“Business is the art of extracting money from another man’s pocket without resorting to violence.”
– Max Amsterdam
You’d think given my penchant for a good sandwich that someone would have mentioned Café Paulin, Sarmiento 635 in Centro, to me at some point during the last five or so years. But to the best of my hazy recollection, the name hasn’t passed into my ears. And what a shame, because this is a sandwich shop that’s worth a visit just to watch, let alone eat. Long and narrow with a double bar alongside a narrow corridor in which stand the sandwichistas, this dimly lit (and more so as the power went out twice during the course of lunch), and somewhat dingy spot churns out sandwiches at a rate that should make the owners of Subway or McDonald’s green with envy. Between those who’ve managed to grab a seat at the counter, those lined up out onto the street, and the constant ring of called in orders, at some moments it seemed like they were turning out a sandwich every two seconds.
Now, the sandwiches are pre-made, and heaped on platters, and you get ’em the way they make ’em. But there are dozens of varieties and they seem to have them all laid out for easy access – the most popular ones pre-wrapped to go as well as nekkid and ready for a plate, the less popular varieties grabbed and wrapped in a second. And priced reasonably, anywhere from the low teens to the high twenties, depending on your sandwiched desires.
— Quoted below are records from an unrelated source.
(* Let $w$ be a word over $\Omega$ of length $k$. Then $\{ i \in \{1,\dots,k-1\} : b_i = 1\} = \{ i : [i] = s\} \cup (I \setminus \{s\})$.
   Context: A word of length $k$ is written $w = w_k \dots w_1$. For $1\le i\le k$, $b_i = 1$ if $w_j = w_{k-i+j}$ for all $j=1,\dots,i$, else $b_i=0$. $s = \max\{j \in\{1,\dots,k-1\}: b_j = 1\}$, or $0$ if none. For $1 \le i \le k-1$ with $b_i=1$, $[i] = \max\{ j \in \{1,\dots,k-1\} : b_j=1 \text{ and } i = k - t(k-j) \text{ for some integer } 1 \le t \le \lfloor k/(k-j)\rfloor\}$; $I = \{[i] : 1\le i \le k-1,\ b_i=1\}$. *)

theory Defs
  imports Main
begin

text \<open>A word w = w_k ... w_1 of length k over an alphabet is modelled as a map
  w :: nat => 'a together with its length k; only the letters w 1, ..., w k matter.
  (The alphabet Omega is the type 'a.)\<close>

definition bflag :: "(nat \<Rightarrow> 'a) \<Rightarrow> nat \<Rightarrow> nat \<Rightarrow> bool" where
  "bflag w k i \<longleftrightarrow> (\<forall>j \<in> {1..i}. w j = w (k - i + j))"

definition sval :: "(nat \<Rightarrow> 'a) \<Rightarrow> nat \<Rightarrow> nat" where
  "sval w k = (if \<exists>j \<in> {1..k-1}. bflag w k j
               then Max {j \<in> {1..k-1}. bflag w k j} else 0)"

definition cls :: "(nat \<Rightarrow> 'a) \<Rightarrow> nat \<Rightarrow> nat \<Rightarrow> nat" where
  "cls w k i = Max {j \<in> {1..k-1}. bflag w k j \<and>
      (\<exists>t::nat. 1 \<le> t \<and> t \<le> k div (k - j) \<and> int i = int k - int t * (int k - int j))}"

definition Iset :: "(nat \<Rightarrow> 'a) \<Rightarrow> nat \<Rightarrow> nat set" where
  "Iset w k = {cls w k i | i. i \<in> {1..k-1} \<and> bflag w k i}"

end

theory Submission
  imports Defs
begin

text \<open>A border of length i is the same thing as a period k - i. The difference of two
  periods q < p with p + q \<le> k is again a period, so the minimal period k - s divides every
  period p with p + (k - s) \<le> k. If [i] = j \<noteq> i then k - i = t (k - j) with t \<ge> 2,
  which leaves room to apply this to p = k - j: then k - i is also a multiple of k - s, so s
  competes in the maximum defining [i], and [i] = s. Hence [i] \<in> {i, s} for every border i, and the
  decomposition follows.\<close>

definition has_period :: "(nat \<Rightarrow> 'a) \<Rightarrow> nat \<Rightarrow> nat \<Rightarrow> bool" where
  "has_period w k p \<longleftrightarrow> (\<forall>x. 1 \<le> x \<longrightarrow> x + p \<le> k \<longrightarrow> w x = w (x + p))"

definition borders :: "(nat \<Rightarrow> 'a) \<Rightarrow> nat \<Rightarrow> nat set" where
  "borders w k = {i \<in> {1..k-1}. bflag w k i}"

definition cls_candidates :: "(nat \<Rightarrow> 'a) \<Rightarrow> nat \<Rightarrow> nat \<Rightarrow> nat set" where
  "cls_candidates w k i = {j \<in> {1..k-1}. bflag w k j \<and>
      (\<exists>t::nat. 1 \<le> t \<and> t \<le> k div (k - j) \<and> int i = int k - int t * (int k - int j))}"

lemma bflag_iff_has_period: "i \<le> k \<Longrightarrow> bflag w k i \<longleftrightarrow> has_period w k (k - i)"
  unfolding bflag_def has_period_def
  by (auto simp: add.commute)

lemma has_periodD: "has_period w k p \<Longrightarrow> 1 \<le> x \<Longrightarrow> x + p \<le> k \<Longrightarrow> w x = w (x + p)"
  unfolding has_period_def by blast

lemma has_period_diff:
  assumes p: "has_period w k p" and q: "has_period w k q" and "q < p" "p + q \<le> k"
  shows "has_period w k (p - q)"
  unfolding has_period_def
proof (intro allI impI)
  fix x assume x: "1 \<le> x" "x + (p - q) \<le> k"
  show "w x = w (x + (p - q))"
  proof (cases "x + p \<le> k")
    case True
    have "w x = w (x + p)" using has_periodD[OF p x(1) True] .
    also have "\<dots> = w (x + (p - q))"
      using has_periodD[OF q, of "x + (p - q)"] x True \<open>q < p\<close> by simp
    finally show ?thesis .
  next
    case False
    then have "q < x" using assms by linarith
    have "w x = w (x - q)"
      using has_periodD[OF q, of "x - q"] \<open>q < x\<close> x by simp
    also have "\<dots> = w (x + (p - q))"
      using has_periodD[OF p, of "x - q"] \<open>q < x\<close> x \<open>q < p\<close> by simp
    finally show ?thesis .
  qed
qed

lemma min_period_dvd:
  assumes p0: "has_period w k p0" "1 \<le> p0"
    and minimal: "\<And>q. has_period w k q \<Longrightarrow> 1 \<le> q \<Longrightarrow> q < k \<Longrightarrow> p0 \<le> q"
  shows "has_period w k p \<Longrightarrow> p + p0 \<le> k \<Longrightarrow> p0 dvd p"
proof (induction p rule: less_induct)
  case (less p)
  consider "p = 0" | "p = p0" | "p0 < p"
    using minimal[OF less.prems(1)] less.prems(2) p0(2) by linarith
  then show ?case
  proof cases
    case 3
    have "has_period w k (p - p0)" using has_period_diff[OF less.prems(1) p0(1) 3 less.prems(2)] .
    then have "p0 dvd (p - p0)" using less.IH[of "p - p0"] less.prems p0(2) 3 by auto
    then show ?thesis using 3 by (metis dvd_diff_nat dvd_refl le_add_diff_inverse2 less_imp_le dvd_add)
  qed simp_all
qed

lemma finite_borders: "finite (borders w k)"
  unfolding borders_def by simp

lemma sval_eq_Max: "borders w k \<noteq> {} \<Longrightarrow> sval w k = Max (borders w k)"
  unfolding sval_def borders_def by auto

lemma sval_in_borders: "borders w k \<noteq> {} \<Longrightarrow> sval w k \<in> borders w k"
  using sval_eq_Max finite_borders Max_in by metis

lemma le_sval: "i \<in> borders w k \<Longrightarrow> i \<le> sval w k"
  using sval_eq_Max finite_borders Max_ge by (metis empty_iff)

lemma sval_period_minimal:
  assumes "borders w k \<noteq> {}" "has_period w k q" "1 \<le> q" "q < k"
  shows "k - sval w k \<le> q"
proof -
  have "k - q \<in> borders w k"
    using assms bflag_iff_has_period[of "k - q" k w] unfolding borders_def by auto
  then show ?thesis using le_sval[of "k - q" w k] by linarith
qed

lemma cls_eq_Max: "cls w k i = Max (cls_candidates w k i)"
  unfolding cls_def cls_candidates_def ..

lemma finite_cls_candidates: "finite (cls_candidates w k i)"
  unfolding cls_candidates_def by simp

lemma cls_candidates_subset_borders: "cls_candidates w k i \<subseteq> borders w k"
  unfolding cls_candidates_def borders_def by auto

text \<open>The integer equation of the definition of [i] just says that k - j divides k - i, and
  the bound on t is then automatic.\<close>

lemma cls_candidates_iff:
  assumes "i \<le> k"
  shows "j \<in> cls_candidates w k i \<longleftrightarrow> j \<in> borders w k \<and> (\<exists>t\<ge>1. k - i = t * (k - j))"
proof -
  have eq: "int i = int k - int t * (int k - int j) \<longleftrightarrow> k - i = t * (k - j)"
    if "j < k" for t
  proof -
    have "int i = int k - int t * (int k - int j) \<longleftrightarrow> int (k - i) = int t * int (k - j)"
      using assms that by (auto simp: of_nat_diff)
    also have "\<dots> \<longleftrightarrow> k - i = t * (k - j)"
      by (simp flip: of_nat_mult)
    finally show ?thesis .
  qed
  have bound: "t \<le> k div (k - j)" if "k - i = t * (k - j)" "j < k" for t
    using that by (simp add: less_eq_div_iff_mult_less_eq)
  show ?thesis
  proof (cases "j < k")
    case True
    have "(\<exists>t. 1 \<le> t \<and> t \<le> k div (k - j) \<and> int i = int k - int t * (int k - int j))
        \<longleftrightarrow> (\<exists>t\<ge>1. k - i = t * (k - j))"
      using eq[OF True] bound[OF _ True] by blast
    then show ?thesis
      unfolding cls_candidates_def borders_def by (simp only: mem_Collect_eq conj_assoc)
  next
    case False
    then show ?thesis unfolding cls_candidates_def borders_def by auto
  qed
qed

lemma cls_in_cls_candidates:
  assumes "i \<in> borders w k"
  shows "cls w k i \<in> cls_candidates w k i" "i \<le> cls w k i"
proof -
  have "i < k" using assms unfolding borders_def by auto
  then have "i \<in> cls_candidates w k i"
    using assms cls_candidates_iff[of i k] by (metis mult_1 order_refl less_imp_le)
  then show "cls w k i \<in> cls_candidates w k i" "i \<le> cls w k i"
    using finite_cls_candidates Max_in Max_ge unfolding cls_eq_Max by blast+
qed

lemma cls_in_borders: "i \<in> borders w k \<Longrightarrow> cls w k i \<in> borders w k"
  using cls_in_cls_candidates(1) cls_candidates_subset_borders by blast

lemma cls_le_sval: "i \<in> borders w k \<Longrightarrow> cls w k i \<le> sval w k"
  using cls_in_borders le_sval by blast

lemma cls_eq_sval_or_self:
  assumes i: "i \<in> borders w k"
  shows "cls w k i = sval w k \<or> cls w k i = i"
proof (rule ccontr)
  assume ne: "\<not> (cls w k i = sval w k \<or> cls w k i = i)"
  define j s where "j = cls w k i" and "s = sval w k"
  have "i \<le> j" "j \<le> s" "j \<in> borders w k"
    using cls_in_cls_candidates(2)[OF i] cls_in_borders[OF i] cls_le_sval[OF i]
    unfolding j_def s_def by auto
  with ne have "i < j" "j < s" unfolding j_def s_def by auto
  have s: "s \<in> borders w k" using sval_in_borders i unfolding s_def by blast
  have "i < k" "s < k"
    using i \<open>j \<in> borders w k\<close> s unfolding borders_def by auto
  have "j \<in> cls_candidates w k i"
    using cls_in_cls_candidates(1)[OF i] unfolding j_def .
  then obtain t where t: "1 \<le> t" "k - i = t * (k - j)"
    using cls_candidates_iff[of i k] \<open>i < k\<close> by auto
  have "t \<noteq> 1" using t \<open>i < j\<close> \<open>j \<le> s\<close> \<open>s < k\<close> by auto
  with t have "2 * (k - j) \<le> t * (k - j)" by (intro mult_le_mono1) simp
  then have room: "(k - j) + (k - s) \<le> k" using t \<open>j < s\<close> \<open>i < k\<close> by linarith
  have per_s: "has_period w k (k - s)" and per_j: "has_period w k (k - j)"
    using s \<open>j \<in> borders w k\<close> bflag_iff_has_period[of s k w] bflag_iff_has_period[of j k w]
    unfolding borders_def by auto
  have "k - s \<le> q" if "has_period w k q" "1 \<le> q" "q < k" for q
    using sval_period_minimal[OF _ that] i unfolding s_def by blast
  then have "(k - s) dvd (k - j)"
    using min_period_dvd[OF per_s _ _ per_j room] \<open>s < k\<close> by simp
  then obtain m where "k - j = (k - s) * m" ..
  with t have km: "k - i = (t * m) * (k - s)" by simp
  then have "1 \<le> t * m" using \<open>i < k\<close> by (cases "t * m") auto
  with km have "s \<in> cls_candidates w k i"
    using cls_candidates_iff[of i k s w] s \<open>i < k\<close> by auto
  then have "s \<le> j"
    using Max_ge[OF finite_cls_candidates] unfolding j_def cls_eq_Max by blast
  with \<open>j < s\<close> show False by simp
qed

lemma Iset_subset_borders: "Iset w k \<subseteq> borders w k"
  unfolding Iset_def using cls_in_borders unfolding borders_def by blast

theorem corollary4p1:
  fixes w :: "nat \<Rightarrow> 'a" and k :: nat
  shows "{i \<in> {1..k-1}. bflag w k i} =
         {i \<in> {1..k-1}. bflag w k i \<and> cls w k i = sval w k} \<union> (Iset w k - {sval w k})"
proof -
  have "i \<in> Iset w k - {sval w k}"
    if i: "i \<in> borders w k" and ne: "cls w k i \<noteq> sval w k" for i
  proof -
    have "cls w k i = i" using cls_eq_sval_or_self[OF i] ne by simp
    then have "i \<in> Iset w k" using i unfolding Iset_def borders_def by force
    moreover have "i \<noteq> sval w k"
      using cls_in_cls_candidates(2)[OF i] cls_le_sval[OF i] ne by auto
    ultimately show ?thesis by blast
  qed
  then show ?thesis
    using Iset_subset_borders[of w k] unfolding borders_def by blast
qed

end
We decided to split an empanada to start. Now, generally, the concept of splitting an empanada wouldn’t enter my thoughts, I can eat 2-3 of them before I consider my sandwich. But may I just point out that the plates at Café Paulin are roughly 8″ across. That’s one big empanada. Unfortunately, it wasn’t a great empanada – barely warm as it, like the sandwiches, is simply grabbed off a tray heaped with others – which also means that the crust tends to have steamed a bit, making it too soft. The filling was a sort of pasty unseasoned ground beef. Not exciting.
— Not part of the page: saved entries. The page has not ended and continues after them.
(* Let $n>1$ be a natural number which is either multiplicatively $e$-perfect (i.e. $T_e(n)=n^2$) or multiplicatively $e$-superperfect (i.e. $T_e(T_e(n))=n^2$). Such an $n$ is a prime power; write $n=p^a$ with $p$ prime and $a\ge 1$. Then $n$ is $e$-harmonic of type $1$ if and only if $\frac{\sigma_e(n)}{p}$ divides $d_e(n)$.
   Context: For $n=p_1^{a_1}\cdots p_r^{a_r}>1$ (prime factorization), a divisor $d=p_1^{b_1}\cdots p_r^{b_r}$ of $n$ is an exponential divisor ($e$-divisor) if $b_i\mid a_i$ for all $i$ (in particular $b_i\ge 1$). $\sigma_e(n)$ is the sum of the $e$-divisors of $n$, $d_e(n)=d(a_1)\cdots d(a_r)$ is the number of $e$-divisors of $n$ (where $d(m)$ is the number of positive divisors of $m$), and $T_e(n)$ is the product of the $e$-divisors of $n$. An integer $n$ is called $e$-harmonic of type $1$ if $\sigma_e(n)\mid n\,d_e(n)$. It is known (Sándor) that $n>1$ is multiplicatively $e$-perfect iff $n=p^a$ with $p$ prime and $a$ an ordinary perfect number, and multiplicatively $e$-superperfect iff $n=p^a$ with $p$ prime and $\sigma(\sigma(a))=2a$. *)

theory Defs
  imports "HOL-Computational_Algebra.Primes"
begin

text \<open>Exponential divisors: d = prod p_i^b_i divides n = prod p_i^a_i with b_i dvd a_i
  for every prime p_i of n (which forces b_i >= 1, since 0 dvd a_i only if a_i = 0).\<close>
definition e_divisors :: "nat \<Rightarrow> nat set" where
  "e_divisors n = {d. d dvd n \<and>
     (\<forall>p\<in>prime_factors n. multiplicity p d dvd multiplicity p n)}"

definition sigma_e :: "nat \<Rightarrow> nat" where
  "sigma_e n = (\<Sum>d\<in>e_divisors n. d)"

definition d_e :: "nat \<Rightarrow> nat" where
  "d_e n = (\<Prod>p\<in>prime_factors n. card {k. k dvd multiplicity p n})"

definition T_e :: "nat \<Rightarrow> nat" where
  "T_e n = (\<Prod>d\<in>e_divisors n. d)"

definition e_harmonic_type1 :: "nat \<Rightarrow> bool" where
  "e_harmonic_type1 n \<longleftrightarrow> sigma_e n dvd n * d_e n"

end

theory Submission
  imports Defs
begin

text \<open>For \<open>n = p^a\<close> the e-divisors are the \<open>p^b\<close> with \<open>b dvd a\<close>. The divisor \<open>b = 1\<close>
  contributes \<open>p\<close> and every other one a multiple of \<open>p^2\<close>, so \<open>\<sigma>\<^sub>e(n) = p (1 + p t)\<close>.
  Thus \<open>\<sigma>\<^sub>e(n)/p\<close> is coprime to \<open>p\<close>, and the powers of \<open>p\<close> in
  \<open>n d\<^sub>e(n) = p^a d\<^sub>e(n)\<close> can be cancelled. The perfectness hypothesis only guarantees
  that \<open>n\<close> is a prime power, which is assumed anyway.\<close>

lemma e_divisors_prime_power:
  assumes p: "prime p" and a: "a \<ge> 1"
  shows "e_divisors (p ^ a) = (\<lambda>b. p ^ b) ` {b. b dvd a}"
proof -
  have pf: "prime_factors (p ^ a) = {p}"
    using p a by (simp add: prime_factorization_prime_power)
  have mult: "multiplicity p (p ^ k) = k" for k
    using p by (simp add: multiplicity_prime_power)
  show ?thesis
  proof (rule set_eqI, rule iffI)
    fix d assume "d \<in> e_divisors (p ^ a)"
    then have "d dvd p ^ a" and md: "multiplicity p d dvd a"
      unfolding e_divisors_def using pf mult[of a] by auto
    then obtain k where "d = p ^ k" using divides_primepow_nat[OF p] by blast
    then show "d \<in> (\<lambda>b. p ^ b) ` {b. b dvd a}" using md mult by auto
  next
    fix d assume "d \<in> (\<lambda>b. p ^ b) ` {b. b dvd a}"
    then obtain k where k: "k dvd a" "d = p ^ k" by auto
    then have "d dvd p ^ a" using a by (simp add: dvd_imp_le le_imp_power_dvd)
    then show "d \<in> e_divisors (p ^ a)" unfolding e_divisors_def pf using mult k by auto
  qed
qed

lemma sigma_e_prime_power:
  assumes "prime p" and "a \<ge> 1"
  shows "sigma_e (p ^ a) = (\<Sum>b | b dvd a. p ^ b)"
proof -
  have "inj_on (\<lambda>b. p ^ b) {b. b dvd a}"
    using prime_gt_1_nat[OF \<open>prime p\<close>] by (auto simp: inj_on_def power_inject_exp)
  then show ?thesis
    unfolding sigma_e_def e_divisors_prime_power[OF assms] by (simp add: sum.reindex)
qed

lemma sigma_e_prime_power_eq:
  assumes "prime p" and "a \<ge> 1"
  shows "sigma_e (p ^ a) = p * (1 + p * (\<Sum>b \<in> {b. b dvd a} - {1}. p ^ (b - 2)))"
proof -
  let ?D = "{b. b dvd a}"
  have fin: "finite ?D" using assms(2) by simp
  have "1 \<in> ?D" by simp
  have "sigma_e (p ^ a) = p + (\<Sum>b \<in> ?D - {1}. p ^ b)"
    unfolding sigma_e_prime_power[OF assms]
    using sum.remove[OF fin \<open>1 \<in> ?D\<close>, of "\<lambda>b. p ^ b"] by simp
  also have "(\<Sum>b \<in> ?D - {1}. p ^ b) = (\<Sum>b \<in> ?D - {1}. p\<^sup>2 * p ^ (b - 2))"
  proof (rule sum.cong[OF refl])
    fix b assume "b \<in> ?D - {1}"
    \<comment> \<open>\<open>b \<noteq> 0\<close> because \<open>0 dvd a\<close> would force \<open>a = 0\<close>\<close>
    then have "b \<ge> 2" using assms(2) by (cases b) auto
    then show "p ^ b = p\<^sup>2 * p ^ (b - 2)" by (metis le_add_diff_inverse power_add)
  qed
  finally show ?thesis by (simp add: sum_distrib_left power2_eq_square algebra_simps)
qed

lemma coprime_one_plus_mult: "coprime (1 + p * t) (p :: nat)"
  by (metis coprime_mult_right_iff coprime_add_one_left add.commute)

lemma mult_dvd_power_mult_iff_coprime:
  fixes p s m :: nat
  assumes "p > 0" and "a \<ge> 1" and "coprime s p"
  shows "p * s dvd p ^ a * m \<longleftrightarrow> s dvd m"
proof -
  have split: "p ^ a * m = p * (p ^ (a - 1) * m)"
    using \<open>a \<ge> 1\<close> by (cases a) auto
  have "p * s dvd p ^ a * m \<longleftrightarrow> s dvd p ^ (a - 1) * m"
    unfolding split using \<open>p > 0\<close> by simp
  also have "\<dots> \<longleftrightarrow> s dvd m"
    using \<open>coprime s p\<close> by (simp add: coprime_dvd_mult_right_iff coprime_power_right_iff)
  finally show ?thesis .
qed

theorem mainTheorem1:
  fixes n p a :: nat
  assumes "n > 1"
    and "T_e n = n ^ 2 \<or> T_e (T_e n) = n ^ 2"
    and "prime p" and "a \<ge> 1" and "n = p ^ a"
  shows "e_harmonic_type1 n \<longleftrightarrow> (sigma_e n div p) dvd d_e n"
proof -
  define s where "s = 1 + p * (\<Sum>b \<in> {b. b dvd a} - {1}. p ^ (b - 2))"
  have p_pos: "p > 0" using \<open>prime p\<close> prime_gt_0_nat by blast
  have sigma: "sigma_e n = p * s"
    unfolding s_def \<open>n = p ^ a\<close> using sigma_e_prime_power_eq[OF \<open>prime p\<close> \<open>a \<ge> 1\<close>] .
  have "coprime s p" unfolding s_def by (rule coprime_one_plus_mult)
  then have "e_harmonic_type1 n \<longleftrightarrow> s dvd d_e n"
    unfolding e_harmonic_type1_def sigma unfolding \<open>n = p ^ a\<close>
    by (rule mult_dvd_power_mult_iff_coprime[OF p_pos \<open>a \<ge> 1\<close>])
  also have "s = sigma_e n div p" using sigma p_pos by simp
  finally show ?thesis .
qed

end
The sandwiches are generous in size, the baguettes, if you choose that as your bread (several options available) give you somewhere between a twelve and fourteen inch sandwich. And the fillings, while not always stacked high, are still plentiful. The bondiola, here, was not what we expected, being cured bondiola when we were hoping for juicy, carved slices of freshly cooked, but was still excellent. A tad on the salty side, but with the addition of mayo or mustard that saltiness immediately disappears.
This, however, is the winner, and what Café Paulin is justifiably, as it turns out, famous for – the peceto completo. Peceto is what we would call “top round”, here, juicy and beautifully seasoned, heaped on a sandwich, the completo being the most expensive option on the menu at 29 pesos, but stacked with lettuce, tomato, onions, cheese, and roasted green peppers. Absolutely delicious and quite possibly the best sandwich I’ve had in Buenos Aires – at least rivaling my previous favorites, the lomo completo at Rodi Bar and the San Pablo at Strobel’s.
Worth a visit! And, by the way, to be checked out in the near future, the owners are also the proprietors of two neighboring restaurants, the very posh New Brighton and the casual Ital-Argentine Luciano, in the same building, Casa Cuyo.